— Exercise prompt —
Repeat exactly, and only, the lines from the one containing "i) | i. i \<in>" through the end of the records.

— Input for this task —
== Segment start ==
(* Let $C$ be a directed cycle on a finite vertex set, and for vertices $a,b$ let $c(a,b)$ be the number of edges of the directed path along $C$ from $a$ to $b$ ($c(a,a)=0$). Let $a_1,\dots,a_Q$ (sources) and $b_1,\dots,b_Q$ (sinks) be vertices of $C$ (repetitions allowed). The cost of a bijection $\sigma:[Q]\to[Q]$ (pairing $a_i$ with $b_{\sigma(i)}$) is $\sum_{i=1}^Q c(a_i,b_{\sigma(i)})$. Consider the algorithm GREEDY which, while unpaired elements remain, picks an arbitrary unpaired source $a_i$ and pairs it with an unpaired sink $b_j$ minimizing $c(a_i,b_j)$, or picks an arbitrary unpaired sink $b_j$ and pairs it with an unpaired source $a_i$ minimizing $c(a_i,b_j)$. Then every pairing produced by GREEDY has minimum cost among all bijections. *)

theory Defs
  imports Main
begin

text \<open>Directed cycle on the vertex set {0..<n} (n \<ge> 1), edges v \<rightarrow> (v+1) mod n.
  cdist n a b = number of edges of the directed path along the cycle from a to b.\<close>
definition cdist :: "nat \<Rightarrow> nat \<Rightarrow> nat \<Rightarrow> nat" where
  "cdist n a b = (b + n - a) mod n"

definition pairing_cost :: "nat \<Rightarrow> nat \<Rightarrow> (nat \<Rightarrow> nat) \<Rightarrow> (nat \<Rightarrow> nat) \<Rightarrow> (nat \<Rightarrow> nat) \<Rightarrow> nat" where
  "pairing_cost n Q a b \<sigma> = (\<Sum>i\<in>{1..Q}. cdist n (a i) (b (\<sigma> i)))"

text \<open>greedy_run n a b I J P: starting with unpaired sources (indices) I and unpaired
  sinks (indices) J, some execution of GREEDY produces the set of pairs P.\<close>
inductive greedy_run :: "nat \<Rightarrow> (nat \<Rightarrow> nat) \<Rightarrow> (nat \<Rightarrow> nat) \<Rightarrow> nat set \<Rightarrow> nat set \<Rightarrow> (nat \<times> nat) set \<Rightarrow> bool"
  for n a b where
  finished: "greedy_run n a b {} {} {}"
| pick_source: "\<lbrakk> i \<in> I; j \<in> J; \<forall>j'\<in>J. cdist n (a i) (b j) \<le> cdist n (a i) (b j');
     greedy_run n a b (I - {i}) (J - {j}) P \<rbrakk> \<Longrightarrow> greedy_run n a b I J (insert (i, j) P)"
| pick_sink: "\<lbrakk> i \<in> I; j \<in> J; \<forall>i'\<in>I. cdist n (a i) (b j) \<le> cdist n (a i') (b j);
     greedy_run n a b (I - {i}) (J - {j}) P \<rbrakk> \<Longrightarrow> greedy_run n a b I J (insert (i, j) P)"

end

theory Submission
  imports Defs "HOL-Combinatorics.Transposition"
begin

text \<open>Call the pair \<open>(i, j)\<close> exchange safe if replacing any two pairs \<open>(i, l)\<close>, \<open>(k, j)\<close>
  of an assignment by \<open>(i, j)\<close>, \<open>(k, l)\<close> never increases the cost. Fixing a safe pair first
  therefore loses nothing, and an induction along the run of GREEDY shows that its pairing is
  optimal. On a directed cycle, if \<open>b\<^sub>j\<close> is a nearest sink of \<open>a\<^sub>i\<close> then \<open>b\<^sub>j\<close> lies on the path
  from \<open>a\<^sub>i\<close> to every other sink, so the triangle inequality makes \<open>(i, j)\<close> exchange safe;
  symmetrically for a nearest source of \<open>b\<^sub>j\<close>.\<close>

definition assignment_cost :: "('a \<Rightarrow> 'b \<Rightarrow> 'c::comm_monoid_add) \<Rightarrow> ('a \<Rightarrow> 'b) \<Rightarrow> 'a set \<Rightarrow> 'c" where
  "assignment_cost c \<sigma> I = (\<Sum>k\<in>I. c k (\<sigma> k))"

definition optimal_assignment ::
    "('a \<Rightarrow> 'b \<Rightarrow> 'c::{comm_monoid_add, ord}) \<Rightarrow> 'a set \<Rightarrow> 'b set \<Rightarrow> ('a \<Rightarrow> 'b) \<Rightarrow> bool" where
  "optimal_assignment c I J \<sigma> \<longleftrightarrow> bij_betw \<sigma> I J \<and>
     (\<forall>\<tau>. bij_betw \<tau> I J \<longrightarrow> assignment_cost c \<sigma> I \<le> assignment_cost c \<tau> I)"

definition exchange_safe ::
    "('a \<Rightarrow> 'b \<Rightarrow> 'c::{plus, ord}) \<Rightarrow> 'a set \<Rightarrow> 'b set \<Rightarrow> 'a \<Rightarrow> 'b \<Rightarrow> bool" where
  "exchange_safe c I J i j \<longleftrightarrow> (\<forall>k\<in>I. \<forall>l\<in>J. c i j + c k l \<le> c i l + c k j)"

lemma assignment_cost_remove:
  "finite I \<Longrightarrow> i \<in> I \<Longrightarrow> assignment_cost c \<sigma> I = c i (\<sigma> i) + assignment_cost c \<sigma> (I - {i})"
  unfolding assignment_cost_def by (rule sum.remove)

lemma assignment_cost_cong:
  "(\<And>k. k \<in> I \<Longrightarrow> \<sigma> k = \<tau> k) \<Longrightarrow> assignment_cost c \<sigma> I = assignment_cost c \<tau> I"
  unfolding assignment_cost_def by simp

lemma exchange_safe_swap:
  fixes c :: "'a \<Rightarrow> 'b \<Rightarrow> 'c::ordered_comm_monoid_add"
  assumes "finite I" "i \<in> I" "j \<in> J" "bij_betw \<tau> I J" "exchange_safe c I J i j"
  obtains \<tau>' where "bij_betw \<tau>' I J" "\<tau>' i = j" "assignment_cost c \<tau>' I \<le> assignment_cost c \<tau> I"
proof (cases "\<tau> i = j")
  case True
  then show ?thesis using assms(4) that by blast
next
  case False
  obtain k where k: "k \<in> I" "\<tau> k = j"
    using assms(3,4) unfolding bij_betw_def by blast
  have "k \<noteq> i" using False k by auto
  define \<tau>' where "\<tau>' = Fun.swap i k \<tau>"
  have bij: "bij_betw \<tau>' I J"
    unfolding \<tau>'_def using bij_betw_swap_iff[OF assms(2) k(1)] assms(4) by blast
  have \<tau>'_ik: "\<tau>' i = j" "\<tau>' k = \<tau> i"
    using k by (auto simp: \<tau>'_def transpose_def)
  let ?R = "I - {i} - {k}"
  have split: "assignment_cost c \<sigma> I = c i (\<sigma> i) + c k (\<sigma> k) + assignment_cost c \<sigma> ?R" for \<sigma>
    using assms(1,2) k(1) \<open>k \<noteq> i\<close>
    by (simp add: assignment_cost_remove[of I i] assignment_cost_remove[of "I - {i}" k] add.assoc)
  have rest: "assignment_cost c \<tau>' ?R = assignment_cost c \<tau> ?R"
    by (rule assignment_cost_cong) (auto simp: \<tau>'_def transpose_def)
  have "\<tau> i \<in> J" using assms(2,4) by (auto simp: bij_betw_def)
  then have "c i (\<tau>' i) + c k (\<tau>' k) \<le> c i (\<tau> i) + c k (\<tau> k)"
    using assms(5) k \<tau>'_ik unfolding exchange_safe_def by auto
  then have "assignment_cost c \<tau>' I \<le> assignment_cost c \<tau> I"
    unfolding split[of \<tau>'] split[of \<tau>] rest by (rule add_right_mono)
  with bij \<tau>'_ik show ?thesis using that by blast
qed

lemma optimal_assignment_insert_safe_pair:
  fixes c :: "'a \<Rightarrow> 'b \<Rightarrow> 'c::ordered_comm_monoid_add"
  assumes "finite I" "i \<in> I" "j \<in> J" "exchange_safe c I J i j"
    and opt: "optimal_assignment c (I - {i}) (J - {j}) \<sigma>"
  shows "optimal_assignment c I J (\<sigma>(i := j))"
proof -
  let ?\<sigma> = "\<sigma>(i := j)"
  have "bij_betw \<sigma> (I - {i}) (J - {j})"
    using opt unfolding optimal_assignment_def by blast
  then have "bij_betw ?\<sigma> (I - {i}) (J - {j})"
    by (rule bij_betw_cong[THEN iffD1, rotated]) simp
  then have "bij_betw ?\<sigma> (insert i (I - {i})) (insert j (J - {j}))"
    using notIn_Un_bij_betw3[of i "I - {i}" ?\<sigma> "J - {j}"] by simp
  then have bij: "bij_betw ?\<sigma> I J"
    using assms(2,3) by (simp add: insert_absorb)
  have "assignment_cost c ?\<sigma> I \<le> assignment_cost c \<tau> I" if \<tau>: "bij_betw \<tau> I J" for \<tau>
  proof -
    obtain \<tau>' where \<tau>': "bij_betw \<tau>' I J" "\<tau>' i = j"
        "assignment_cost c \<tau>' I \<le> assignment_cost c \<tau> I"
      using exchange_safe_swap[OF assms(1-3) \<tau> assms(4)] by blast
    have "bij_betw \<tau>' (I - {i}) (J - {j})"
      using bij_betw_DiffI[OF \<tau>'(1), of "{i}" "{j}"] \<tau>'(2) assms(2,3) by auto
    then have "assignment_cost c \<sigma> (I - {i}) \<le> assignment_cost c \<tau>' (I - {i})"
      using opt unfolding optimal_assignment_def by blast
    moreover have "assignment_cost c ?\<sigma> (I - {i}) = assignment_cost c \<sigma> (I - {i})"
      by (rule assignment_cost_cong) simp
    ultimately have "assignment_cost c ?\<sigma> I \<le> assignment_cost c \<tau>' I"
      using assms(1,2) \<tau>'(2) by (simp add: assignment_cost_remove[of I i] add_left_mono)
    also note \<tau>'(3)
    finally show ?thesis .
  qed
  with bij show ?thesis unfolding optimal_assignment_def by blast
qed

lemma cdist_eq_if:
  "x < n \<Longrightarrow> y < n \<Longrightarrow> cdist n x y = (if x \<le> y then y - x else y + n - x)"
proof (cases "x \<le> y")
  case True
  then have "y + n - x = (y - x) + n" by simp
  moreover assume "y < n"
  ultimately show ?thesis using True by (simp only: cdist_def mod_add_self2) simp
qed (simp add: cdist_def)

lemma cdist_triangle:
  "x < n \<Longrightarrow> y < n \<Longrightarrow> z < n \<Longrightarrow> cdist n x z \<le> cdist n x y + cdist n y z"
  by (simp add: cdist_eq_if; arith)

lemma cdist_split_at_nearer_target:
  "x < n \<Longrightarrow> y < n \<Longrightarrow> z < n \<Longrightarrow> cdist n x y \<le> cdist n x z \<Longrightarrow>
    cdist n x z = cdist n x y + cdist n y z"
  by (simp add: cdist_eq_if split: if_splits; arith)

lemma cdist_split_at_nearer_source:
  "w < n \<Longrightarrow> x < n \<Longrightarrow> y < n \<Longrightarrow> cdist n x y \<le> cdist n w y \<Longrightarrow>
    cdist n w y = cdist n w x + cdist n x y"
  by (simp add: cdist_eq_if split: if_splits; arith)

lemma cdist_exchange_nearer_target:
  assumes "w < n" "x < n" "y < n" "z < n" "cdist n x y \<le> cdist n x z"
  shows "cdist n x y + cdist n w z \<le> cdist n x z + cdist n w y"
  using cdist_split_at_nearer_target[OF assms(2-5)] cdist_triangle[OF assms(1,3,4)] by linarith

lemma cdist_exchange_nearer_source:
  assumes "w < n" "x < n" "y < n" "z < n" "cdist n x y \<le> cdist n w y"
  shows "cdist n x y + cdist n w z \<le> cdist n x z + cdist n w y"
  using cdist_split_at_nearer_source[OF assms(1-3,5)] cdist_triangle[OF assms(1,2,4)] by linarith

lemma nearest_sink_exchange_safe:
  assumes "i \<in> I" "j \<in> J" "\<forall>k\<in>I. a k < n" "\<forall>l\<in>J. b l < n"
    and "\<forall>l\<in>J. cdist n (a i) (b j) \<le> cdist n (a i) (b l)"
  shows "exchange_safe (\<lambda>i j. cdist n (a i) (b j)) I J i j"
  unfolding exchange_safe_def
proof (intro ballI)
  fix k l assume "k \<in> I" "l \<in> J"
  with assms show "cdist n (a i) (b j) + cdist n (a k) (b l) \<le> cdist n (a i) (b l) + cdist n (a k) (b j)"
    by (intro cdist_exchange_nearer_target) auto
qed

lemma nearest_source_exchange_safe:
  assumes "i \<in> I" "j \<in> J" "\<forall>k\<in>I. a k < n" "\<forall>l\<in>J. b l < n"
    and "\<forall>k\<in>I. cdist n (a i) (b j) \<le> cdist n (a k) (b j)"
  shows "exchange_safe (\<lambda>i j. cdist n (a i) (b j)) I J i j"
  unfolding exchange_safe_def
proof (intro ballI)
  fix k l assume "k \<in> I" "l \<in> J"
  with assms show "cdist n (a i) (b j) + cdist n (a k) (b l) \<le> cdist n (a i) (b l) + cdist n (a k) (b j)"
    by (intro cdist_exchange_nearer_source) auto
qed

lemma optimal_assignment_extend:
  fixes c :: "'a \<Rightarrow> 'b \<Rightarrow> 'c::ordered_comm_monoid_add"
  assumes "finite I" "i \<in> I" "j \<in> J" "exchange_safe c I J i j"
    and "\<exists>\<sigma>. optimal_assignment c (I - {i}) (J - {j}) \<sigma> \<and> P = {(k, \<sigma> k) | k. k \<in> I - {i}}"
  shows "\<exists>\<sigma>. optimal_assignment c I J \<sigma> \<and> insert (i, j) P = {(k, \<sigma> k) | k. k \<in> I}"
proof -
  obtain \<sigma> where opt: "optimal_assignment c (I - {i}) (J - {j}) \<sigma>"
      and graph: "P = {(k, \<sigma> k) | k. k \<in> I - {i}}"
    using assms(5) by blast
  have "insert (i, j) P = {(k, (\<sigma>(i := j)) k) | k. k \<in> I}"
    using graph assms(2) by auto
  with optimal_assignment_insert_safe_pair[OF assms(1-4) opt] show ?thesis by blast
qed

lemma greedy_run_optimal:
  assumes "greedy_run n a b I J P" "finite I" "\<forall>i\<in>I. a i < n" "\<forall>j\<in>J. b j < n"
  shows "\<exists>\<sigma>. optimal_assignment (\<lambda>i j. cdist n (a i) (b j)) I J \<sigma> \<and> P = {(k, \<sigma> k) | k. k \<in> I}"
  using assms
proof (induction rule: greedy_run.induct)
  case finished
  show ?case by (auto simp: optimal_assignment_def assignment_cost_def)
next
  case (pick_source i I j J P)
  have "exchange_safe (\<lambda>i j. cdist n (a i) (b j)) I J i j"
    by (rule nearest_sink_exchange_safe[OF pick_source.hyps(1,2) pick_source.prems(2,3) pick_source.hyps(3)])
  moreover have "\<exists>\<sigma>. optimal_assignment (\<lambda>i j. cdist n (a i) (b j)) (I - {i}) (J - {j}) \<sigma> \<and>
      P = {(k, \<sigma> k) | k. k \<in> I - {i}}"
    using pick_source.IH pick_source.prems by simp
  ultimately show ?case
    by (rule optimal_assignment_extend[OF pick_source.prems(1) pick_source.hyps(1,2)])
next
  case (pick_sink i I j J P)
  have "exchange_safe (\<lambda>i j. cdist n (a i) (b j)) I J i j"
    by (rule nearest_source_exchange_safe[OF pick_sink.hyps(1,2) pick_sink.prems(2,3) pick_sink.hyps(3)])
  moreover have "\<exists>\<sigma>. optimal_assignment (\<lambda>i j. cdist n (a i) (b j)) (I - {i}) (J - {j}) \<sigma> \<and>
      P = {(k, \<sigma> k) | k. k \<in> I - {i}}"
    using pick_sink.IH pick_sink.prems by simp
  ultimately show ?case
    by (rule optimal_assignment_extend[OF pick_sink.prems(1) pick_sink.hyps(1,2)])
qed

theorem mainTheorem9:
  fixes n Q :: nat and a b :: "nat \<Rightarrow> nat" and P :: "(nat \<times> nat) set"
  assumes "n \<ge> 1"
    and "\<forall>i\<in>{1..Q}. a i < n" and "\<forall>j\<in>{1..Q}. b j < n"
    and "greedy_run n a b {1..Q} {1..Q} P"
  shows "\<exists>\<sigma>. bij_betw \<sigma> {1..Q} {1..Q} \<and> P = {(i, \<sigma> i) | i. i \<in> {1..Q}} \<and>
           (\<forall>\<tau>. bij_betw \<tau> {1..Q} {1..Q} \<longrightarrow> pairing_cost n Q a b \<sigma> \<le> pairing_cost n Q a b \<tau>)"
proof -
  have "pairing_cost n Q a b \<sigma> = assignment_cost (\<lambda>i j. cdist n (a i) (b j)) \<sigma> {1..Q}" for \<sigma>
    by (simp add: pairing_cost_def assignment_cost_def)
  then show ?thesis
    using greedy_run_optimal[OF assms(4) _ assms(2,3)] unfolding optimal_assignment_def by auto
qed

end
== Segment end ==
— Exercise solution —
  shows "\<exists>\<sigma>. bij_betw \<sigma> {1..Q} {1..Q} \<and> P = {(i, \<sigma> i) | i. i \<in> {1..Q}} \<and>
           (\<forall>\<tau>. bij_betw \<tau> {1..Q} {1..Q} \<longrightarrow> pairing_cost n Q a b \<sigma> \<le> pairing_cost n Q a b \<tau>)"
proof -
  have "pairing_cost n Q a b \<sigma> = assignment_cost (\<lambda>i j. cdist n (a i) (b j)) \<sigma> {1..Q}" for \<sigma>
    by (simp add: pairing_cost_def assignment_cost_def)
  then show ?thesis
    using greedy_run_optimal[OF assms(4) _ assms(2,3)] unfolding optimal_assignment_def by auto
qed

end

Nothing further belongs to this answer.